### What this task involves
In the data that follows, find the line with "max (Max0 ((\<lambda>(a,b)."; transcribe it, every later line up to the one with "matched to some", and that line as well, exactly and with no others.

Recorded data
============
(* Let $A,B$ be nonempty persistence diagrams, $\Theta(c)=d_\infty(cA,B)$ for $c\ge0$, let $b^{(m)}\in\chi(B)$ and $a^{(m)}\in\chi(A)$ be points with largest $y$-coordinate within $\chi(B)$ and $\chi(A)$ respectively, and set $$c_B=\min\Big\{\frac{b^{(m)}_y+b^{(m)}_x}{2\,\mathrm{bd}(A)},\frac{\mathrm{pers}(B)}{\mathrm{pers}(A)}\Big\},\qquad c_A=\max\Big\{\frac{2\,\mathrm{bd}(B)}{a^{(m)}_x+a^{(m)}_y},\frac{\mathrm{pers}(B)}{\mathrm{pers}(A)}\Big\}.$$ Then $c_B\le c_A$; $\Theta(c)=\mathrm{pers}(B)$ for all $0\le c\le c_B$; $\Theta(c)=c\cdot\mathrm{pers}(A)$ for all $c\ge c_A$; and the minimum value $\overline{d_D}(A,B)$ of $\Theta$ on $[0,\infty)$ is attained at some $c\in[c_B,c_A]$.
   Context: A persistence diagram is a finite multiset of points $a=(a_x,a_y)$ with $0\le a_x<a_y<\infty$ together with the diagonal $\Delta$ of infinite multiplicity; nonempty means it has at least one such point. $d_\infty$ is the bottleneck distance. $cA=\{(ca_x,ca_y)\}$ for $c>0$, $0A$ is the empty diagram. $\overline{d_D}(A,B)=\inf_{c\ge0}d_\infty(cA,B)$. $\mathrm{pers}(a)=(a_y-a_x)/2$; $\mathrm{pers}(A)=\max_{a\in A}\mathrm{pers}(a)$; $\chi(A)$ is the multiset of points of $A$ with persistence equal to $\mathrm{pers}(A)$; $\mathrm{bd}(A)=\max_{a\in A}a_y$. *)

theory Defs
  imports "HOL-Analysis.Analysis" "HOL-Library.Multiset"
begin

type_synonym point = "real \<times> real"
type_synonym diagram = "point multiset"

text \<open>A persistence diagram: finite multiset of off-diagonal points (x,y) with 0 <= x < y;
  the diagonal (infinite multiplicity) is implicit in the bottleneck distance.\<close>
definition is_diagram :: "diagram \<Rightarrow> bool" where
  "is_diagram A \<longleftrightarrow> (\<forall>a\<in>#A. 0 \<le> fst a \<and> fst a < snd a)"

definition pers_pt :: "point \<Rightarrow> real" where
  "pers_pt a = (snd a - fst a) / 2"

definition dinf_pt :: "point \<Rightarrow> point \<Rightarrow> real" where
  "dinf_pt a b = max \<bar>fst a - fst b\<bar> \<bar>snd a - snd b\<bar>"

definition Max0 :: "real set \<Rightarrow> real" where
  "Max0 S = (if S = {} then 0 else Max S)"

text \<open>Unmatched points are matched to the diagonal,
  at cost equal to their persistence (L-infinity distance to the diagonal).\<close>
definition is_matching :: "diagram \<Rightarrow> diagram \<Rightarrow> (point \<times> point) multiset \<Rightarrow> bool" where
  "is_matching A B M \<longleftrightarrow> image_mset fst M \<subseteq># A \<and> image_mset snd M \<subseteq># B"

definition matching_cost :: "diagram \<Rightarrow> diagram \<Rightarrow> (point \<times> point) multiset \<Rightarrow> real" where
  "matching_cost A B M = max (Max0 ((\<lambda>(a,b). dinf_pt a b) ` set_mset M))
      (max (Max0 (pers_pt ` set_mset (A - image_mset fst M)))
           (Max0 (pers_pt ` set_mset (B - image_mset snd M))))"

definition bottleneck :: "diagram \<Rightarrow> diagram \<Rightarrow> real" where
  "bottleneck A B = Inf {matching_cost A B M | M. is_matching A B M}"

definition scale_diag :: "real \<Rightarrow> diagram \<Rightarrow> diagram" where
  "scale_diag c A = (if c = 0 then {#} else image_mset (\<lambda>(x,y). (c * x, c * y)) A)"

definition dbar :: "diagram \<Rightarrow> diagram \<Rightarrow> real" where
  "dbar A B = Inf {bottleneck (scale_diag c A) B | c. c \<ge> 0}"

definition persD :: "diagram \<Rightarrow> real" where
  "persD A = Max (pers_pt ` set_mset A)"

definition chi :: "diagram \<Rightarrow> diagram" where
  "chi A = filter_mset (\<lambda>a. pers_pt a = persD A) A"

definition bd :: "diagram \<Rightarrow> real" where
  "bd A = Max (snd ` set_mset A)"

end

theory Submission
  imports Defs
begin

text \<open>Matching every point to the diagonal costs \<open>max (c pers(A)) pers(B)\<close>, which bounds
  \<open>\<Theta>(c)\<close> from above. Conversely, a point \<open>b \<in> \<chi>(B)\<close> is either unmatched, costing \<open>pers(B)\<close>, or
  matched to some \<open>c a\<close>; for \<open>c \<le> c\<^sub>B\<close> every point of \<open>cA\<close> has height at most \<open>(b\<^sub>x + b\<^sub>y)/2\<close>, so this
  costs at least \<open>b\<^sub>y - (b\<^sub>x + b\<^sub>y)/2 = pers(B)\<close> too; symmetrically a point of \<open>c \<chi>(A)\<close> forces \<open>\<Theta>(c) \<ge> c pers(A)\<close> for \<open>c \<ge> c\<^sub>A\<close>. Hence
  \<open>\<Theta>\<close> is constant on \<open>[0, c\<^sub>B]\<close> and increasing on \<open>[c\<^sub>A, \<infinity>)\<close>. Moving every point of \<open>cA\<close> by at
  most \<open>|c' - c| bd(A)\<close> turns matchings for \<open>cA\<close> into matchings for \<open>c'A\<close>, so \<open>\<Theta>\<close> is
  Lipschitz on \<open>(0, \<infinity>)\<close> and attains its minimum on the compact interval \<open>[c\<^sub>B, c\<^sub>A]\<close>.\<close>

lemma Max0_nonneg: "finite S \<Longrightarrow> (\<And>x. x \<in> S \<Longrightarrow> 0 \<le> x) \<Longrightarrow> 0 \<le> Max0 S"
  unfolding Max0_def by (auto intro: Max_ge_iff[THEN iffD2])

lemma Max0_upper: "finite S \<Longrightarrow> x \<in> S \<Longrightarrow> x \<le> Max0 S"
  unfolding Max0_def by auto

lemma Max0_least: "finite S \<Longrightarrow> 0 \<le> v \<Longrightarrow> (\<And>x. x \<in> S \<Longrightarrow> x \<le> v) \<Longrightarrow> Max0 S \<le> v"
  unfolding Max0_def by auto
============
### Reply to the task
  "matching_cost A B M = max (Max0 ((\<lambda>(a,b). dinf_pt a b) ` set_mset M))
      (max (Max0 (pers_pt ` set_mset (A - image_mset fst M)))
           (Max0 (pers_pt ` set_mset (B - image_mset snd M))))"

definition bottleneck :: "diagram \<Rightarrow> diagram \<Rightarrow> real" where
  "bottleneck A B = Inf {matching_cost A B M | M. is_matching A B M}"

definition scale_diag :: "real \<Rightarrow> diagram \<Rightarrow> diagram" where
  "scale_diag c A = (if c = 0 then {#} else image_mset (\<lambda>(x,y). (c * x, c * y)) A)"

definition dbar :: "diagram \<Rightarrow> diagram \<Rightarrow> real" where
  "dbar A B = Inf {bottleneck (scale_diag c A) B | c. c \<ge> 0}"

definition persD :: "diagram \<Rightarrow> real" where
  "persD A = Max (pers_pt ` set_mset A)"

definition chi :: "diagram \<Rightarrow> diagram" where
  "chi A = filter_mset (\<lambda>a. pers_pt a = persD A) A"

definition bd :: "diagram \<Rightarrow> real" where
  "bd A = Max (snd ` set_mset A)"

end

theory Submission
  imports Defs
begin

text \<open>Matching every point to the diagonal costs \<open>max (c pers(A)) pers(B)\<close>, which bounds
  \<open>\<Theta>(c)\<close> from above. Conversely, a point \<open>b \<in> \<chi>(B)\<close> is either unmatched, costing \<open>pers(B)\<close>, or
  matched to some \<open>c a\<close>; for \<open>c \<le> c\<^sub>B\<close> every point of \<open>cA\<close> has height at most \<open>(b\<^sub>x + b\<^sub>y)/2\<close>, so this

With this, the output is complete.